- **Assigned task**
When counting, include every line of the data that holds "ultimately", then state the total alone.

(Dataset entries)
#####
lemma smooth_on_imp_differentiable:
  assumes "smooth_on f S" "u \<in> S"
  shows "f differentiable at u" "deriv f differentiable at u"
    and "deriv (deriv f) differentiable at u"
proof -
  have "(deriv ^^ k) f differentiable at u" for k
    using assms unfolding smooth_on_def by blast
  from this[of 0] this[of 1] this[of 2]
  show "f differentiable at u" "deriv f differentiable at u" "deriv (deriv f) differentiable at u"
    by (simp_all add: numeral_2_eq_2)
qed

context
  fixes x1 x2 r :: "real \<Rightarrow> real" and S :: "real set" and u :: real
  assumes S: "open S" "u \<in> S"
    and differentiable_on_S:
      "\<And>t. t \<in> S \<Longrightarrow> x1 differentiable at t \<and> x2 differentiable at t \<and> r differentiable at t"
    and differentiable2: "deriv x1 differentiable at u" "deriv x2 differentiable at u"
      "deriv r differentiable at u"
    and arc_length: "\<And>t. t \<in> S \<Longrightarrow> (deriv x1 t)^2 + (deriv x2 t)^2 - (deriv r t)^2 = 1"
begin

lemma arc_length_orthogonal:
  "deriv x1 u * deriv (deriv x1) u + deriv x2 u * deriv (deriv x2) u
     = deriv r u * deriv (deriv r) u"
  using constant_quadratic_form_orthogonal[OF S, of "deriv x1" "deriv x2" "-1" "deriv r" 1]
    arc_length differentiable2
  by (simp add: DERIV_deriv_iff_real_differentiable)

lemma pu_rot_surf_at:
  "pu (rot_surf x1 x2 r) u v = vector [deriv x1 u, deriv x2 u, deriv r u * cos v, deriv r u * sin v]"
  using differentiable_on_S[OF S(2)] by (simp add: pu_rot_surf)

lemma pu_pu_rot_surf_at:
  "pu (pu (rot_surf x1 x2 r)) u v = vector [deriv (deriv x1) u, deriv (deriv x2) u,
     deriv (deriv r) u * cos v, deriv (deriv r) u * sin v]"
  by (rule pu_pu_rot_surf[OF S differentiable_on_S differentiable2])

lemma rot_surf_first_fundamental_form:
  "fE (rot_surf x1 x2 r) u v = 1" "fF (rot_surf x1 x2 r) u v = 0"
  "fG (rot_surf x1 x2 r) u v = - ((r u)^2)"
proof -
  show "fE (rot_surf x1 x2 r) u v = 1"
    unfolding fE_def pu_rot_surf_at nip_vector_4
    using arc_length[OF S(2)] sin_cos_squared_add[of v] by algebra
  show "fF (rot_surf x1 x2 r) u v = 0"
    unfolding fF_def pu_rot_surf_at pv_rot_surf by (simp add: algebra_simps)
  show "fG (rot_surf x1 x2 r) u v = - ((r u)^2)"
    unfolding fG_def pv_rot_surf nip_vector_4 using sin_cos_squared_add[of v] by algebra
qed

lemma rot_surf_lorentz_at:
  assumes "r u \<noteq> 0"
  shows "lorentz_at (rot_surf x1 x2 r) u v"
  by (rule lorentz_at_if_orthogonal_frame)
     (use assms in \<open>simp_all add: rot_surf_first_fundamental_form\<close>)

lemma rot_surf_normal_parts:
  assumes "r u \<noteq> 0"
  shows "nrm (rot_surf x1 x2 r) u v (pu (pu (rot_surf x1 x2 r)) u v) = pu (pu (rot_surf x1 x2 r)) u v"
    and "nrm (rot_surf x1 x2 r) u v (pv (pv (rot_surf x1 x2 r)) u v)
      = pv (pv (rot_surf x1 x2 r)) u v - (r u * deriv r u) *\<^sub>R pu (rot_surf x1 x2 r) u v"
proof -
  have "nip (pu (pu (rot_surf x1 x2 r)) u v) (pu (rot_surf x1 x2 r) u v) = 0"
    unfolding pu_pu_rot_surf_at pu_rot_surf_at nip_vector_4
    using arc_length_orthogonal sin_cos_squared_add[of v] by algebra
  moreover have "nip (pu (pu (rot_surf x1 x2 r)) u v) (pv (rot_surf x1 x2 r) u v) = 0"
    unfolding pu_pu_rot_surf_at pv_rot_surf by (simp add: algebra_simps)
  ultimately show "nrm (rot_surf x1 x2 r) u v (pu (pu (rot_surf x1 x2 r)) u v)
      = pu (pu (rot_surf x1 x2 r)) u v"
    unfolding nrm_def Let_def by simp
  have "nip (pv (pv (rot_surf x1 x2 r)) u v) (pu (rot_surf x1 x2 r) u v) = r u * deriv r u"
    unfolding pv_pv_rot_surf pu_rot_surf_at nip_vector_4 using sin_cos_squared_add[of v] by algebra
  moreover have "nip (pv (pv (rot_surf x1 x2 r)) u v) (pv (rot_surf x1 x2 r) u v) = 0"
    unfolding pv_pv_rot_surf pv_rot_surf by (simp add: algebra_simps)
  ultimately show "nrm (rot_surf x1 x2 r) u v (pv (pv (rot_surf x1 x2 r)) u v)
      = pv (pv (rot_surf x1 x2 r)) u v - (r u * deriv r u) *\<^sub>R pu (rot_surf x1 x2 r) u v"
    unfolding nrm_def Let_def rot_surf_first_fundamental_form using assms by simp
qed

lemma rot_surf_mean_curv:
  assumes "r u \<noteq> 0"
  shows "mean_curv (rot_surf x1 x2 r) u v = (1 / 2) *\<^sub>R (pu (pu (rot_surf x1 x2 r)) u v
    + (deriv r u / r u) *\<^sub>R pu (rot_surf x1 x2 r) u v - (1 / (r u)^2) *\<^sub>R pv (pv (rot_surf x1 x2 r)) u v)"
  unfolding mean_curv_def Let_def rot_surf_first_fundamental_form rot_surf_normal_parts[OF assms]
  using assms by (simp add: algebra_simps divide_simps power2_eq_square)

lemma rot_surf_mean_curv_sq:
  assumes "r u > 0"
  shows "4 * nip (mean_curv (rot_surf x1 x2 r) u v) (mean_curv (rot_surf x1 x2 r) u v)
           * (r u)^2 * (1 + (deriv r u)^2)
         = (r u)^2 * (deriv x1 u * deriv (deriv x2) u - deriv (deriv x1) u * deriv x2 u)^2
           - (r u * deriv (deriv r) u + (deriv r u)^2 + 1)^2"
proof -
  define H where "H = mean_curv (rot_surf x1 x2 r) u v"
  define X1 X2 R1 where "X1 = deriv x1 u" and "X2 = deriv x2 u" and "R1 = deriv r u"
  define X1' X2' R2 where
    "X1' = deriv (deriv x1) u" and "X2' = deriv (deriv x2) u" and "R2 = deriv (deriv r) u"
  define \<rho> c s where "\<rho> = r u" and "c = cos v" and "s = sin v"
  have \<rho>: "\<rho> > 0" and cs: "c^2 + s^2 = 1"
    using assms unfolding \<rho>_def c_def s_def by simp_all
  have H: "H = vector [(X1' + R1 * X1 / \<rho>) / 2, (X2' + R1 * X2 / \<rho>) / 2,
      (R2 + (1 + R1^2) / \<rho>) * c / 2, (R2 + (1 + R1^2) / \<rho>) * s / 2]"
    unfolding H_def rot_surf_mean_curv[OF less_imp_neq[OF assms, symmetric]]
      pu_pu_rot_surf_at pu_rot_surf_at pv_pv_rot_surf
    unfolding X1_def X2_def R1_def X1'_def X2'_def R2_def \<rho>_def c_def s_def
    using assms by (simp add: vec_eq_iff forall_4 field_simps power2_eq_square)
  have N: "nip H H
      = ((X1' + R1 * X1 / \<rho>)^2 + (X2' + R1 * X2 / \<rho>)^2 - (R2 + (1 + R1^2) / \<rho>)^2) / 4"
    unfolding H using cs by simp algebra
  have "4 * nip H H * \<rho>^2
      = (\<rho> * X1' + R1 * X1)^2 + (\<rho> * X2' + R1 * X2)^2 - (\<rho> * R2 + 1 + R1^2)^2"
    unfolding N using \<rho> by (simp add: field_simps power2_eq_square)
  moreover have "X1^2 + X2^2 = 1 + R1^2" "X1 * X1' + X2 * X2' = R1 * R2"
    using arc_length[OF S(2)] arc_length_orthogonal
    unfolding X1_def X2_def R1_def X1'_def X2'_def R2_def by simp_all
  \<comment> \<open>Lagrange's identity for the vectors \<open>(X1, X2)\<close> and \<open>(X1', X2')\<close>\<close>
  ultimately have "4 * nip H H * \<rho>^2 * (1 + R1^2)
      = \<rho>^2 * (X1 * X2' - X1' * X2)^2 - (\<rho> * R2 + R1^2 + 1)^2"
    by algebra
  then show ?thesis
    unfolding H_def X1_def X2_def R1_def X1'_def X2'_def R2_def \<rho>_def .
qed

lemma rot_surf_mean_curv_sq_eq_iff:
  assumes "r u > 0"
  shows "nip (mean_curv (rot_surf x1 x2 r) u v) (mean_curv (rot_surf x1 x2 r) u v) = s * C^2
    \<longleftrightarrow> Rfun s C r u
      = (r u)^2 * (deriv x1 u * deriv (deriv x2) u - deriv (deriv x1) u * deriv x2 u)^2"
proof -
  have "(r u)^2 * (1 + (deriv r u)^2) > 0"
    using assms by (simp add: add_pos_nonneg)
  moreover have "Rfun s C r u
      - (r u)^2 * (deriv x1 u * deriv (deriv x2) u - deriv (deriv x1) u * deriv x2 u)^2
      = 4 * (s * C^2 - nip (mean_curv (rot_surf x1 x2 r) u v) (mean_curv (rot_surf x1 x2 r) u v))
        * ((r u)^2 * (1 + (deriv r u)^2))"
    using rot_surf_mean_curv_sq[OF assms, of v] unfolding Rfun_def by algebra
  ultimately show ?thesis
    by (smt (verit) mult_eq_0_iff)
qed

end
#####
- **Result for this task**
4